Curved array probe (curvilinear or abdominal):
A low-frequency probe with a broad and curved footprint, producing a pie-wedge-shaped image (missing a bite at the apex) with a beam angle of less than 90 degrees. This probe has good lateral resolution and excellent penetration. This probe is ideal for all CORE indications other than trans-vaginal scanning, with the caveat that images in the first 1-2 cm of the near field cannot be interpreted. This is the ‘dead zone’, caused by the coalescence of information returning to the probe face. This probe should not be used for superficial scans requiring very near field image interpretation.
Linear array probe (vascular):
A high-frequency probe with a narrow linear footprint producing a rectangular image. This probe has no dead zone, excellent axial resolution but poor penetration. It should be considered the probe of choice for pneumothorax scanning, vascular access and troubleshooting a small superficial yolk sac in first trimester scans.
Phased array probe (cardiac):
A low-frequency probe with a small footprint producing a pie-wedge-shaped image. It is ideal for narrow spaces as it was designed to fit in between ribs for transthoracic cardiac scanning. However, this probe has poor lateral resolution in the far field and less penetration than the curvilinear probe. It can be used as an alternative probe in thin patients and children for most CORE indications, with the appropriate preset utilized (i.e. abdominal versus cardiac).

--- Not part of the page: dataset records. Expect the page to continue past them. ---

lemma theta_act_B_unit_ratio:
  fixes lam :: "'k::field"
  assumes y: "y \<in> plim p r lam"
    and ratio: "qp_mult p d (qp_inv p a) = Some (0, u)"
    and integral: "qp_mult p b (qp_inv p d) = None
                    \<or> (\<exists>w t. qp_mult p b (qp_inv p d) = Some (w, t) \<and> w \<ge> 0)"
  shows "theta (act_B p r s lam (a, b, d) y)
     = inverse (omega p a ^ r * chi p s lam a ^ 2) * (of_int (zp_inv p u 1) powi s) * theta y"
proof -
  obtain al be where y0: "y 0 = (fps_to_fls al, fls_X_intpow (int r) * fps_to_fls be)"
    using y unfolding plim_def Dsharp_def by blast
  obtain H where H: "gamma_fls (zp_inv p u) (fps_to_fls al) = fps_to_fls H" "H $ 0 = al $ 0"
    using gamma_fls_power_series by blast
  define cu :: 'k where "cu = of_int (zp_inv p u 1) powi s"
  define cz :: 'k where "cz = inverse (omega p a ^ r * chi p s lam a ^ 2)"
  define P :: "'k fps" where
    "P = fps_pow_zp (f_gamma (zp_inv p u)) (zp_frac p (int (r + 1)) (int p + 1))"
  define V where "V = act_scal p r s lam a (act_shift p r lam 0 (act_gam p r s u y))"
  have P_const: "P $ 0 = 1" unfolding P_def by (rule fps_pow_zp_const)
  have no_shift: "act_shift p r lam 0 v = v" for v :: "nat \<Rightarrow> 'k dmod"
    unfolding act_shift_def by auto
  have V0: "fst (V 0) = fps_to_fls (fps_const cz * (H * fps_const cu * P))"
    unfolding V_def no_shift act_scal_def act_gam_def gammaD_def smulD_def y0
    by (simp add: H cu_def cz_def P_def fls_times_fps_to_fls)
  have unipotent: "fls_nth (fst (act_unip p r lam (qp_mult p b (qp_inv p d)) V 0)) 0
                     = fls_nth (fst (V 0)) 0"
    using integral
  proof
    assume "qp_mult p b (qp_inv p d) = None"
    thus ?thesis unfolding act_unip_def by simp
  next
    assume "\<exists>w t. qp_mult p b (qp_inv p d) = Some (w, t) \<and> w \<ge> 0"
    then obtain w t where wt: "qp_mult p b (qp_inv p d) = Some (w, t)" "w \<ge> 0" by blast
    show ?thesis unfolding act_unip_def wt using wt(2)
      by (simp add: smulD_def V0 fls_times_fps_to_fls[symmetric] del: fps_to_fls_nth)
         (simp add: fps_binom_zp_const)
  qed
  have "theta (act_B p r s lam (a, b, d) y) = fls_nth (fst (V 0)) 0"
    unfolding theta_def act_B_def using unipotent by (simp add: ratio V_def)
  also have "\<dots> = cz * cu * al $ 0"
    unfolding V0 using H P_const by simp
  finally show ?thesis unfolding theta_def y0 cu_def cz_def by simp
qed

lemma qp_of_zp_unit:
  assumes "x 1 \<noteq> 0"
  shows "qp_of_zp p x = Some (0, x)"
proof -
  have "x \<noteq> zp_zero" using assms unfolding zp_zero_def by auto
  moreover have "(LEAST n. x (Suc n) \<noteq> 0) = 0" using assms by (intro Least_eq_0) simp
  ultimately show ?thesis unfolding qp_of_zp_def by simp
qed
lemma tt_graph_terminalsD: "tt_graph n m E s t \<Longrightarrow> s \<noteq> t \<and> s < n \<and> t < n"
  by (simp add: tt_graph_def)

lemma tt_graph_card: "tt_graph n m E s t \<Longrightarrow> card E = m"
  by (simp add: tt_graph_def)

lemma tt_graph_commute: "tt_graph n m E s t \<Longrightarrow> tt_graph n m E t s"
  unfolding tt_graph_def by auto

lemma tt_graph_edgeD: "tt_graph n m E s t \<Longrightarrow> {x,y} \<in> E \<Longrightarrow> x \<noteq> y \<and> x < n \<and> y < n"
  unfolding tt_graph_def by (auto simp: doubleton_eq_iff)

lemma tt_graph_edgeE:
  assumes "tt_graph n m E s t" "e \<in> E"
  obtains x y where "e = {x,y}" "x \<noteq> y" "x < n" "y < n"
  using assms unfolding tt_graph_def by auto

lemma tt_graph_finite: "tt_graph n m E s t \<Longrightarrow> finite E"
  unfolding tt_graph_def by (rule rev_finite_subset[OF finite_Pow_iff[THEN iffD2, of "{..<n}"]]) auto

definition pathset_count :: "nat \<Rightarrow> nat \<Rightarrow> nat set set \<Rightarrow> nat \<Rightarrow> nat \<Rightarrow> nat" where
  "pathset_count d m E s t = (\<Sum>i=1..m. Nid d i E s t)"

lemma pathset_count_less:
  "stronger d m E' s' t' E s t \<Longrightarrow> pathset_count d m E s t < pathset_count d m E' s' t'"
  unfolding pathset_count_def stronger_def by (intro sum_strict_mono_ex1) auto

lemma Nid_le_two_power: "finite E \<Longrightarrow> Nid d i E s t \<le> 2 ^ card E"
  unfolding Nid_def by (rule order_trans[OF card_mono[of "Pow E"]]) (auto simp: card_Pow)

Endocavitary probe (transvaginal):
A mid-frequency probe with a small curved footprint producing a wide pie-wedge-shaped image (again with a bit out of the apex, but this time with a beam angle of greater than 90 degrees). This probe has excellent resolution and average penetration.
Appropriate use of and storage of gel:
Getting the best acoustic contact, with the right amount of gel between the probe and the patient’s skin, is critical for good image generation. The gel must be stored on the ultrasound machine and readily accessible. Clinicians must not warm the gel as this may lead to bacterial overgrowth.
Probe cover use:
Probe covers are necessary for sterile procedures and all transvaginal scans. The gel should be placed in between the probe and the probe cover, and gel (or sterile lubricating jelly for transvaginal scans) should be placed on the outside of the cover. Covers should be removed and discarded after each use.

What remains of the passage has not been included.